The 1919 White Sox added disgrace to poverty when they threw the World Series. 70 years on, the "Black Sox" were in the zeitgeist: 1988's Eight Men Out had D.B. Sweeney as Jackson. According to MLB Radio's Ryan Spilborghs (in a special devoted to Bull Durham), the athletic motions in Eight Men Out are "terrible." Even so, that Joe Jackson hit lefty, at least. Filmmaking is tough, but faking a base hit is still easier than the real skill (hitting a round ball with a round bat). Faking is Hollywood's job.
|Shoeless Joe Jackson|
It's not that Ray Liotta was perfect casting otherwise: he doesn't look or sound like Jackson, who was from South Carolina. (Actually, Jackson looked more like top-billed Kevin Costner.) The production makes matters worse in the field: Jackson threw right-handed, but Liotta's Jackson throws left-handed (again, the actor's preference). Effectively, the switch draws the attention of anyone still oblivious. (Field of Dreams also flips Moonlight Graham left to right as a batter, as the redemption-mad narrative grants a sympathetic washout his first big-league at-bat.)
|Liotta as Jackson|
If so, the filmmakers added their own reason for anxiety. Their message is memorably spoken by James Earl Jones (as author Terence Mann):
The one constant through all the years ... has been baseball. America has rolled by like an army of steamrollers. It's been erased like a blackboard, rebuilt, and erased again. But baseball -- has marked the time. This field, this game ... (is) a reminder of all that's good, and could be again.Fans can only forgive the script's worst sabotage: the school-auditorium meeting. All the parents arguing for exclusion of Mann's indecorous book (from the school library) fit the Hollywood-and-Left stereotype: they're ignorant, resentful, repressed. As Annie Kinsella, Amy Madigan warns them not to be like "the Nazis." Just as young Ray (Costner) insulted his father (who died before Ray could apologize), the film picks a side from which to decry division.
Even with this regrettable scene, Field of Dreams delivered a plea for unity. It went unheeded, but we should have self-mercy. Polarization, I've come to believe, is part of the normal operation of the United States.
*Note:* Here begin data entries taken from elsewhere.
lemma density_RN_deriv_output_uniform:
  assumes prob: "\<And>x. prob_space (K x)" and sets_K: "\<And>x. sets (K x) = sets M"
  defines "\<nu> \<equiv> output_dist (bernoulli_pmf (1/2)) K"
  shows "density \<nu> (RN_deriv \<nu> (K x)) = K x"
proof -
  interpret \<nu>: prob_space \<nu>
    unfolding \<nu>_def using prob sets_K by (rule prob_space_output_dist)
  have sets_\<nu>: "sets \<nu> = sets M"
    unfolding \<nu>_def using sets_K by (rule sets_output_dist)
  have "absolutely_continuous \<nu> (K x)"
    unfolding absolutely_continuous_def
  proof
    fix A assume "A \<in> null_sets \<nu>"
    then have A: "A \<in> sets M" "emeasure \<nu> A = 0"
      using sets_\<nu> by auto
    then have "emeasure (K False) A = 0 \<and> emeasure (K True) A = 0"
      using emeasure_output_dist[where K = K, OF prob sets_K A(1)] by (simp add: \<nu>_def)
    then show "A \<in> null_sets (K x)"
      using sets_K A(1) by (cases x) auto
  qed
  then show ?thesis
    using sets_K sets_\<nu> by (intro \<nu>.density_RN_deriv) auto
qed

lemma AE_RN_deriv_output_uniform_add:
  assumes prob: "\<And>x. prob_space (K x)" and sets_K: "\<And>x. sets (K x) = sets M"
  defines "\<nu> \<equiv> output_dist (bernoulli_pmf (1/2)) K"
  shows "AE y in \<nu>. RN_deriv \<nu> (K False) y + RN_deriv \<nu> (K True) y = 2"
proof -
  interpret \<nu>: prob_space \<nu>
    unfolding \<nu>_def using prob sets_K by (rule prob_space_output_dist)
  let ?r = "\<lambda>x. RN_deriv \<nu> (K x)"
  have "density \<nu> (\<lambda>y. ?r False y + ?r True y) = density \<nu> (\<lambda>_. 2)"
  proof (rule measure_eqI)
    fix A assume "A \<in> sets (density \<nu> (\<lambda>y. ?r False y + ?r True y))"
    then have A: "A \<in> sets M" "A \<in> sets \<nu>"
      using sets_output_dist[OF sets_K] by (simp_all add: \<nu>_def)
    have "2 * inverse (2::ennreal) = 1"
      using ennreal_divide_self[of 2] by (simp add: divide_ennreal_def)
    then have "emeasure (density \<nu> (\<lambda>y. ?r False y + ?r True y)) A = 2 * emeasure \<nu> A"
      using A emeasure_output_dist[where K = K, OF prob sets_K A(1)]
      by (simp add: emeasure_density_add[symmetric] distrib_left mult.assoc[symmetric]
          density_RN_deriv_output_uniform[where K = K, OF prob sets_K] \<nu>_def)
    then show "emeasure (density \<nu> (\<lambda>y. ?r False y + ?r True y)) A = emeasure (density \<nu> (\<lambda>_. 2)) A"
      using A by (simp add: emeasure_density nn_integral_cmult_indicator)
  qed simp
  then show ?thesis
    by (intro \<nu>.density_unique) auto
qed
lemma (in prob_space) orlicz_tail_bound_above_norm:
  fixes \<psi> :: "real \<Rightarrow> real" and Z :: "'a \<Rightarrow> real"
  assumes Z: "Z \<in> borel_measurable M" and fin: "orlicz_finite M \<psi> Z"
    and mono: "strict_mono_on {0..} \<psi>" and \<psi>0: "\<psi> 0 = 0"
    and t: "0 < t" and c: "orlicz_norm M \<psi> Z < c"
  shows "prob {\<omega>\<in>space M. t < \<bar>Z \<omega>\<bar>} \<le> 1 / \<psi> (t / c)"
proof -
  define S where "S = {c::real. 0 < c \<and> (\<integral>\<^sup>+ \<omega>. ennreal (\<psi> (\<bar>Z \<omega>\<bar> / c)) \<partial>M) \<le> 1}"
  have S_ne: "S \<noteq> {}"
    using fin unfolding orlicz_finite_def S_def by auto
  have S_up: "c' \<in> S" if "c \<in> S" "c \<le> c'" for c c'
  proof -
    have c: "0 < c"
      using that by (simp add: S_def)
    have "\<psi> (\<bar>Z \<omega>\<bar> / c') \<le> \<psi> (\<bar>Z \<omega>\<bar> / c)" for \<omega>
      using c that(2) by (intro strict_mono_on_leD[OF mono]) (auto intro: divide_left_mono)
    then have "(\<integral>\<^sup>+ \<omega>. ennreal (\<psi> (\<bar>Z \<omega>\<bar> / c')) \<partial>M) \<le> (\<integral>\<^sup>+ \<omega>. ennreal (\<psi> (\<bar>Z \<omega>\<bar> / c)) \<partial>M)"
      by (intro nn_integral_mono ennreal_leI)
    then show ?thesis
      using that c unfolding S_def by auto
  qed
  have "Inf S < c"
    using c by (simp add: S_def orlicz_norm_def)
  from cInf_lessD[OF S_ne this] obtain c0 where "c0 \<in> S" "c0 < c" ..
  then have "c \<in> S"
    using S_up[of c0 c] by simp
  then have "0 < c" and "(\<integral>\<^sup>+ \<omega>. ennreal (\<psi> (\<bar>Z \<omega>\<bar> / c)) \<partial>M) \<le> 1"
    unfolding S_def by blast+
  then show ?thesis
    by (rule orlicz_Markov_inequality[OF Z mono \<psi>0 _ _ t])
qed

lemma (in prob_space) orlicz_norm_tail_bound:
  fixes \<psi> :: "real \<Rightarrow> real" and Z :: "'a \<Rightarrow> real"
  assumes Z: "Z \<in> borel_measurable M" and fin: "orlicz_finite M \<psi> Z"
    and convex: "convex_on {0..} \<psi>" and mono: "strict_mono_on {0..} \<psi>" and \<psi>0: "\<psi> 0 = 0"
    and t: "0 < t"
  shows "prob {\<omega>\<in>space M. t < \<bar>Z \<omega>\<bar>} \<le> 1 / \<psi> (t / orlicz_norm M \<psi> Z)"
proof -
  define \<beta> where "\<beta> = orlicz_norm M \<psi> Z"
  let ?p = "prob {\<omega>\<in>space M. t < \<bar>Z \<omega>\<bar>}"
  have above_norm: "?p \<le> 1 / \<psi> (t / c)" if "\<beta> < c" for c
    using orlicz_tail_bound_above_norm[OF Z fin mono \<psi>0 t] that by (simp add: \<beta>_def)
  have \<psi>_pos: "0 < \<psi> s" if "0 < s" for s
    using strict_mono_onD[OF mono, of 0 s] that \<psi>0 by simp
  consider "\<beta> = 0" | "0 < \<beta>"
    using orlicz_norm_nonneg[OF fin] unfolding \<beta>_def by linarith
  then show ?thesis
  proof cases
    case 1
    text \<open>Here the claimed bound is \<open>1 / \<psi> (t / 0) = 0\<close>: the tail probability is at most
      \<open>1 / \<psi> s \<le> 1 / (s * \<psi> 1)\<close> for every \<open>s \<ge> 1\<close>.\<close>
    have "?p \<le> 0"
    proof (rule ccontr)
      assume "\<not> ?p \<le> 0"
      then have p: "0 < ?p" by simp
      define s where "s = max 1 (2 / (?p * \<psi> 1))"
      have s: "1 \<le> s" "2 / (?p * \<psi> 1) \<le> s"
        unfolding s_def by auto
      have "?p \<le> 1 / \<psi> (t / (t / s))"
        using above_norm[of "t / s"] 1 t s by simp
      also have "\<dots> = 1 / \<psi> s"
        using t by simp
      also have "\<dots> \<le> 1 / (s * \<psi> 1)"
        using convex_on_mult_le[OF convex \<psi>0 s(1)] \<psi>_pos[of 1] \<psi>_pos[of s] s(1)
        by (intro divide_left_mono mult_pos_pos) auto
      also have "\<dots> \<le> ?p / 2"
        using s p \<psi>_pos[of 1] by (simp add: field_simps)
      finally show False
        using p by simp
    qed
    then show ?thesis
      using 1 \<psi>0 by (simp add: \<beta>_def)
  next
    case 2
    have "((\<lambda>c. t / c) \<longlongrightarrow> t / \<beta>) (at_right \<beta>)"
      using 2 by (intro tendsto_intros) auto
    moreover have "isCont \<psi> (t / \<beta>)"
    proof (rule continuous_on_interior)
      show "continuous_on {0<..} \<psi>"
        by (rule convex_on_continuous[OF open_greaterThan convex_on_subset[OF convex]]) auto
    qed (use 2 t in \<open>simp add: interior_open\<close>)
    ultimately have "((\<lambda>c. \<psi> (t / c)) \<longlongrightarrow> \<psi> (t / \<beta>)) (at_right \<beta>)"
      using isCont_tendsto_compose by blast
    then have "((\<lambda>c. 1 / \<psi> (t / c)) \<longlongrightarrow> 1 / \<psi> (t / \<beta>)) (at_right \<beta>)"
      using 2 t \<psi>_pos[of "t / \<beta>"] by (intro tendsto_intros) auto
    moreover have "eventually (\<lambda>c. ?p \<le> 1 / \<psi> (t / c)) (at_right \<beta>)"
      using above_norm by (auto simp: eventually_at_right_field intro: exI[of _ "\<beta> + 1"])
    ultimately show ?thesis
      unfolding \<beta>_def by (rule tendsto_lowerbound) simp
  qed
qed
(* Let $\mathcal M=\{\rho_\theta:\theta\in\Theta\}$ be a two-parameter qubit model satisfying the regularity conditions and $\theta\in\Theta$. Then $C_\theta^H[W]=C_\theta^R[W]$ for all $2\times2$ real positive definite matrices $W$ if and only if $\mathcal M$ is D-invariant at $\theta$.
   Context: Two-parameter qubit model: density matrices $\rho_\theta$ on $\mathbb C^2$, $\theta=(\theta^1,\theta^2)\in\Theta\subset\mathbb R^2$ open; regularity: each $\rho_\theta$ strictly positive, smooth in $\theta$, $\partial_1\rho_\theta,\partial_2\rho_\theta$ linearly independent ($\partial_i=\partial/\partial\theta^i$). SLD operators $L_{\theta,i}$ (hermitian, $\partial_i\rho_\theta=\tfrac12(\rho_\theta L_{\theta,i}+L_{\theta,i}\rho_\theta)$), RLD operators $\tilde L_{\theta,i}$ ($\partial_i\rho_\theta=\rho_\theta\tilde L_{\theta,i}$); RLD Fisher matrix $\tilde G_\theta=[\mathrm{tr}(\rho_\theta\tilde L_{\theta,j}\tilde L_{\theta,i}^* )]$; $\mathrm{Re},\mathrm{Im}$ of $\tilde G_\theta^{-1}$ are entrywise; $\mathrm{TrAbs}$ of a diagonalizable matrix is the sum of absolute values of its eigenvalues. RLD CR bound: $C_\theta^R[W]=\mathrm{Tr}(W\,\mathrm{Re}\,\tilde G_\theta^{-1})+\mathrm{TrAbs}(W\,\mathrm{Im}\,\tilde G_\theta^{-1})$. Holevo bound: $C_\theta^H[W]=\min_{\vec X}\{\mathrm{Tr}(W\,\mathrm{Re}\,Z_\theta[\vec X])+\mathrm{TrAbs}(W\,\mathrm{Im}\,Z_\theta[\vec X])\}$ over pairs $\vec X=(X^1,X^2)$ of hermitian operators with $\mathrm{tr}(\rho_\theta X^i)=0$, $\mathrm{tr}(\partial_i\rho_\theta X^j)=\delta^j_i$, where $Z_\theta[\vec X]=[\mathrm{tr}(\rho_\theta X^jX^i)]_{i,j}$. SLD inner product $\langle X,Y\rangle_\rho=\mathrm{Re}\,\mathrm{tr}(\rho YX^* )$; SLD tangent space $T_\theta(\mathcal M)=\mathrm{span}_{\mathbb R}\{L_{\theta,1},L_{\theta,2}\}$; commutation operator $\mathcal D_\theta$: real-linear map on hermitian operators with $\langle Y,\mathcal D_\theta(X)\rangle_{\rho_\theta}=\frac{1}{2\mathrm{i}}\mathrm{tr}(\rho_\theta[Y,X])$ for all hermitian $X,Y$; $\mathcal M$ is D-invariant at $\theta$ if $\mathcal D_\theta(T_\theta(\mathcal M))\subset T_\theta(\mathcal M)$. *)

theory Defs
  imports "HOL-Analysis.Analysis" "HOL-Computational_Algebra.Polynomial"
begin

type_synonym qop = "complex^2^2"

definition cadj :: "qop \<Rightarrow> qop" where
  "cadj A = (\<chi> i j. cnj (A $ j $ i))"

definition herm :: "qop \<Rightarrow> bool" where
  "herm A \<longleftrightarrow> cadj A = A"

definition strictly_pos :: "qop \<Rightarrow> bool" where
  "strictly_pos A \<longleftrightarrow> herm A \<and>
     (\<forall>x::complex^2. x \<noteq> 0 \<longrightarrow> Re (\<Sum>i\<in>UNIV. cnj (x $ i) * (A *v x) $ i) > 0)"

definition density :: "qop \<Rightarrow> bool" where
  "density A \<longleftrightarrow> strictly_pos A \<and> trace A = 1"

coinductive smooth_on :: "'a::real_normed_vector set \<Rightarrow> ('a \<Rightarrow> 'b::real_normed_vector) \<Rightarrow> bool"
  for S where
  "(\<forall>x\<in>S. f differentiable (at x)) \<Longrightarrow>
   (\<forall>v. smooth_on S (\<lambda>x. frechet_derivative f (at x) v)) \<Longrightarrow> smooth_on S f"

definition pd :: "(real^2 \<Rightarrow> qop) \<Rightarrow> real^2 \<Rightarrow> 2 \<Rightarrow> qop" where
  "pd \<rho> \<theta> i = frechet_derivative \<rho> (at \<theta>) (axis i 1)"

definition regular_model :: "(real^2) set \<Rightarrow> (real^2 \<Rightarrow> qop) \<Rightarrow> bool" where
  "regular_model \<Theta> \<rho> \<longleftrightarrow> open \<Theta> \<and> (\<forall>\<theta>\<in>\<Theta>. density (\<rho> \<theta>)) \<and> smooth_on \<Theta> \<rho> \<and>
     (\<forall>\<theta>\<in>\<Theta>. \<forall>a b::real. a *\<^sub>R pd \<rho> \<theta> 1 + b *\<^sub>R pd \<rho> \<theta> 2 = 0 \<longrightarrow> a = 0 \<and> b = 0)"

definition SLD :: "(real^2 \<Rightarrow> qop) \<Rightarrow> real^2 \<Rightarrow> 2 \<Rightarrow> qop" where
  "SLD \<rho> \<theta> i = (THE L. herm L \<and>
      pd \<rho> \<theta> i = (1/2::real) *\<^sub>R (\<rho> \<theta> ** L + L ** \<rho> \<theta>))"

definition RLD :: "(real^2 \<Rightarrow> qop) \<Rightarrow> real^2 \<Rightarrow> 2 \<Rightarrow> qop" where
  "RLD \<rho> \<theta> i = (THE L. pd \<rho> \<theta> i = \<rho> \<theta> ** L)"

definition RLD_fisher :: "(real^2 \<Rightarrow> qop) \<Rightarrow> real^2 \<Rightarrow> complex^2^2" where
  "RLD_fisher \<rho> \<theta> = (\<chi> i j. trace (\<rho> \<theta> ** RLD \<rho> \<theta> j ** cadj (RLD \<rho> \<theta> i)))"

definition ReM :: "complex^2^2 \<Rightarrow> real^2^2" where
  "ReM A = (\<chi> i j. Re (A $ i $ j))"

definition ImM :: "complex^2^2 \<Rightarrow> real^2^2" where
  "ImM A = (\<chi> i j. Im (A $ i $ j))"

definition charpoly :: "real^2^2 \<Rightarrow> complex poly" where
  "charpoly M = det ((\<chi> i j. if i = j then [:0, 1:] else 0) - (\<chi> i j. [:complex_of_real (M $ i $ j):]))"

definition TrAbs :: "real^2^2 \<Rightarrow> real" where
  "TrAbs M = sum_mset (image_mset cmod (proots (charpoly M)))"

definition RLD_bound :: "(real^2 \<Rightarrow> qop) \<Rightarrow> real^2 \<Rightarrow> real^2^2 \<Rightarrow> real" where
  "RLD_bound \<rho> \<theta> W = trace (W ** ReM (matrix_inv (RLD_fisher \<rho> \<theta>)))
      + TrAbs (W ** ImM (matrix_inv (RLD_fisher \<rho> \<theta>)))"

definition Zmat :: "(real^2 \<Rightarrow> qop) \<Rightarrow> real^2 \<Rightarrow> (2 \<Rightarrow> qop) \<Rightarrow> complex^2^2" where
  "Zmat \<rho> \<theta> X = (\<chi> i j. trace (\<rho> \<theta> ** X j ** X i))"

definition loc_unbiased :: "(real^2 \<Rightarrow> qop) \<Rightarrow> real^2 \<Rightarrow> (2 \<Rightarrow> qop) \<Rightarrow> bool" where
  "loc_unbiased \<rho> \<theta> X \<longleftrightarrow> (\<forall>i. herm (X i) \<and> trace (\<rho> \<theta> ** X i) = 0) \<and>
     (\<forall>i j. trace (pd \<rho> \<theta> i ** X j) = (if i = j then 1 else 0))"
lemma tendsto_at_top_if_integrable_derivative:
  fixes F g :: "real \<Rightarrow> real"
  assumes g: "integrable lborel g" and S: "finite S" and cont: "continuous_on UNIV F"
    and der: "\<And>x. x \<notin> S \<Longrightarrow> (F has_real_derivative g x) (at x)"
  shows "\<exists>L. (F \<longlongrightarrow> L) at_top"
proof -
  have g_on: "set_integrable lborel A g" if "A \<in> sets lborel" for A
    unfolding set_integrable_def using g that by (intro integrable_mult_indicator) auto
  have "((\<lambda>t. F 0 + (LINT x:{0..t}|lborel. g x)) \<longlongrightarrow> F 0 + (LINT x:{0..}|lborel. g x)) at_top"
    by (intro tendsto_add tendsto_const tendsto_set_lebesgue_integral_at_top g_on) auto
  moreover have "\<forall>\<^sub>F t in at_top. F 0 + (LINT x:{0..t}|lborel. g x) = F t"
    using eventually_ge_at_top[of 0]
    by eventually_elim
      (use der in \<open>auto simp: set_integral_Icc_antiderivative[OF g_on S _ continuous_on_subset[OF cont]]\<close>)
  ultimately show ?thesis by (blast intro: Lim_transform_eventually)
qed

lemma tendsto_at_top_eq_0_if_abs_le_integrable:
  fixes F r :: "real \<Rightarrow> real"
  assumes FL: "(F \<longlongrightarrow> L) at_top" and r: "integrable lborel r"
    and bound: "\<forall>\<^sub>F x in at_top. \<bar>F x\<bar> \<le> x * r x"
  shows "L = 0"
proof (rule ccontr)
  \<comment> \<open>Otherwise 1/x \<le> c |r x| for large x, so ln t - ln T would stay bounded as t grows.\<close>
  assume "L \<noteq> 0"
  have "\<forall>\<^sub>F x in at_top. dist (F x) L < \<bar>L\<bar> / 2"
    using FL \<open>L \<noteq> 0\<close> by (intro tendstoD) auto
  moreover note bound eventually_ge_at_top[of 1]
  ultimately have "\<forall>\<^sub>F x in at_top. 1 / x \<le> (2 / \<bar>L\<bar>) * \<bar>r x\<bar> \<and> x \<ge> 1"
  proof eventually_elim
    case (elim x)
    have "\<bar>L\<bar> - \<bar>F x\<bar> \<le> dist (F x) L"
      by (simp add: dist_real_def abs_triangle_ineq3 abs_minus_commute)
    moreover have "x * r x \<le> x * \<bar>r x\<bar>"
      using elim by (intro mult_left_mono) auto
    ultimately have "\<bar>L\<bar> / 2 \<le> x * \<bar>r x\<bar>" using elim by linarith
    with elim \<open>L \<noteq> 0\<close> show ?case by (simp add: field_simps)
  qed
  then obtain T where T: "T \<ge> 1" and above_T: "\<And>x. x \<ge> T \<Longrightarrow> 1 / x \<le> (2 / \<bar>L\<bar>) * \<bar>r x\<bar>"
    unfolding eventually_at_top_linorder by (metis order.refl)
  have r': "integrable lborel (\<lambda>x. (2 / \<bar>L\<bar>) * \<bar>r x\<bar>)" using r by auto
  define C where "C = (\<integral>x. (2 / \<bar>L\<bar>) * \<bar>r x\<bar> \<partial>lborel)"
  have "ln t - ln T \<le> C" if "t \<ge> T" for t
  proof -
    have cont: "continuous_on {T..t} (\<lambda>x. 1 / x)" using T by (intro continuous_intros) auto
    have "ln t - ln T = (LINT x:{T..t}|lborel. 1 / x)"
      using that T cont
      by (intro set_integral_Icc_antiderivative[where S = "{}", symmetric]
          borel_integrable_atLeastAtMost' continuous_on_ln derivative_eq_intros) auto
    also have "\<dots> \<le> (LINT x:{T..t}|lborel. (2 / \<bar>L\<bar>) * \<bar>r x\<bar>)"
    proof (rule set_integral_mono)
      show "set_integrable lborel {T..t} (\<lambda>x. (2 / \<bar>L\<bar>) * \<bar>r x\<bar>)"
        unfolding set_integrable_def by (intro integrable_mult_indicator r') auto
    qed (use above_T T borel_integrable_atLeastAtMost'[OF cont] in auto)
    also have "\<dots> \<le> C"
      unfolding C_def set_lebesgue_integral_def
      by (intro integral_mono integrable_mult_indicator r') (auto simp: indicator_def)
    finally show ?thesis .
  qed
  moreover have "T * exp \<bar>C + 1\<bar> \<ge> T" using T by simp
  ultimately have "ln (T * exp \<bar>C + 1\<bar>) - ln T \<le> C" by blast
  then show False using T by (simp add: ln_mult)
qed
The owner of a high performance car should expect road noise and greater maintenance; a nation based in diversity, democracy and ambition is comparable. (Reading on 3/27, this is ~trite. But who makes it so?)
If we get twitchy around moves left and right, we need the distraction. The existential unknown may be displaced to a Jack Nicholson movie: "what if this is as good as it gets?" How would we ever react, to the honest conviction all our American plans are good for a laugh.